*** Input records Section Begins ***

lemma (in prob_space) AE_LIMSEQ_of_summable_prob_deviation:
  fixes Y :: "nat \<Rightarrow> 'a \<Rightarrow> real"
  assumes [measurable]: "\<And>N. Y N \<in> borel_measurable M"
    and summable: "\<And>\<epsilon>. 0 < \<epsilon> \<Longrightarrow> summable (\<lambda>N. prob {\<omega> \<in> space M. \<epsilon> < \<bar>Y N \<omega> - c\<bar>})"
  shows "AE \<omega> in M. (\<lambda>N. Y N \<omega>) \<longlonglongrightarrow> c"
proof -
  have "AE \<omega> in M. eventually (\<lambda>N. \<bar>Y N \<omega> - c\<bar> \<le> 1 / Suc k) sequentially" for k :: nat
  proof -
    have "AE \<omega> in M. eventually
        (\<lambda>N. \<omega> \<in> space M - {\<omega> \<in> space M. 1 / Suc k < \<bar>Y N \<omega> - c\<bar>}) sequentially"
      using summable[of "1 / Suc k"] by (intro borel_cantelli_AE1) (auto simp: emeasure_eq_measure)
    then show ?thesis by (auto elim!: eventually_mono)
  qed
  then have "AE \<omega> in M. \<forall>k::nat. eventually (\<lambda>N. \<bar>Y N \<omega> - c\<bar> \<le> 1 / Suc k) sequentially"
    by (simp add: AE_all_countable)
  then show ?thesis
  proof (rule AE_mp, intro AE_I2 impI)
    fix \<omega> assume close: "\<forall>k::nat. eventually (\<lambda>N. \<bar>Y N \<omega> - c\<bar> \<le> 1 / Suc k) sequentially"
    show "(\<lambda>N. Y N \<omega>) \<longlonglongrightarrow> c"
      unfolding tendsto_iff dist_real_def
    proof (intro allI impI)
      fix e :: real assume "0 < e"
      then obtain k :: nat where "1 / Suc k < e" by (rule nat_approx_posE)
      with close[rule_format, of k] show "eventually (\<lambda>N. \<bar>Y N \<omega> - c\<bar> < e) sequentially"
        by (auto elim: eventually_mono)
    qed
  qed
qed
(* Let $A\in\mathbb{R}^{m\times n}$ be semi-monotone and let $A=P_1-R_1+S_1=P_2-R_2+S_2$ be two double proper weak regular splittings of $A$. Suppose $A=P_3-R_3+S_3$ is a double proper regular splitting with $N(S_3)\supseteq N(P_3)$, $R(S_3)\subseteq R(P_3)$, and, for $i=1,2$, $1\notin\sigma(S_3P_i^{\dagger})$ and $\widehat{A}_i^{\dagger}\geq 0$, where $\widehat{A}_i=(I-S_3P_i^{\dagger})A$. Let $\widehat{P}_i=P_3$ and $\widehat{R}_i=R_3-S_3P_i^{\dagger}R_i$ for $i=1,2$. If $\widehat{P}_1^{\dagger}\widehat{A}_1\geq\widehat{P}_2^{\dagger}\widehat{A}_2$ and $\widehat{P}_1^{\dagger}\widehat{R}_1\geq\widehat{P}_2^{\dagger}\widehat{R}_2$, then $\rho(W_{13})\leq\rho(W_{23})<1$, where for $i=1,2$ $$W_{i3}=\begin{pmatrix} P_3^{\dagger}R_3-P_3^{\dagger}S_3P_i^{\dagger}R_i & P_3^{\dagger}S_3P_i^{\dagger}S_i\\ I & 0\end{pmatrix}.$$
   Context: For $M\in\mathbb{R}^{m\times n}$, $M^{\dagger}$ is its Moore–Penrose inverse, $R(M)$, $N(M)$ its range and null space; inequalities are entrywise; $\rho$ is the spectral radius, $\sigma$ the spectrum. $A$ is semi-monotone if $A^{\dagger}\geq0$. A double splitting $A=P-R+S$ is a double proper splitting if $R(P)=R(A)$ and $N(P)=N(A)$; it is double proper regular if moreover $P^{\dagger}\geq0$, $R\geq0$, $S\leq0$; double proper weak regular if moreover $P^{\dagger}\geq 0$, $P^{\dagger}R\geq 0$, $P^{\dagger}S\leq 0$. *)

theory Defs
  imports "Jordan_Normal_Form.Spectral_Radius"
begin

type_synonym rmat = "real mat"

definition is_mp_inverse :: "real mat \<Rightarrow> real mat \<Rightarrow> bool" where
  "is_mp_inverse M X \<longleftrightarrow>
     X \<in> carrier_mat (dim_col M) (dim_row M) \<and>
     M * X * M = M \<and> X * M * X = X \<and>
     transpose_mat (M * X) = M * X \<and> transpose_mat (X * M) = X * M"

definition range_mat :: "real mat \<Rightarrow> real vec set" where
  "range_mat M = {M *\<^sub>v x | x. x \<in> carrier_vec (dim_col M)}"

*** Input records Section Ends ***

**Work item**
Retype only the stretch of lines above starting at the one with "proof (rule AE_mp, intro AE_I2 impI)" and stopping at the one with "with close[rule_format, of", exactly as written, with both kept.

**Reply**
  proof (rule AE_mp, intro AE_I2 impI)
    fix \<omega> assume close: "\<forall>k::nat. eventually (\<lambda>N. \<bar>Y N \<omega> - c\<bar> \<le> 1 / Suc k) sequentially"
    show "(\<lambda>N. Y N \<omega>) \<longlonglongrightarrow> c"
      unfolding tendsto_iff dist_real_def
    proof (intro allI impI)
      fix e :: real assume "0 < e"
      then obtain k :: nat where "1 / Suc k < e" by (rule nat_approx_posE)
      with close[rule_format, of k] show "eventually (\<lambda>N. \<bar>Y N \<omega> - c\<bar> < e) sequentially"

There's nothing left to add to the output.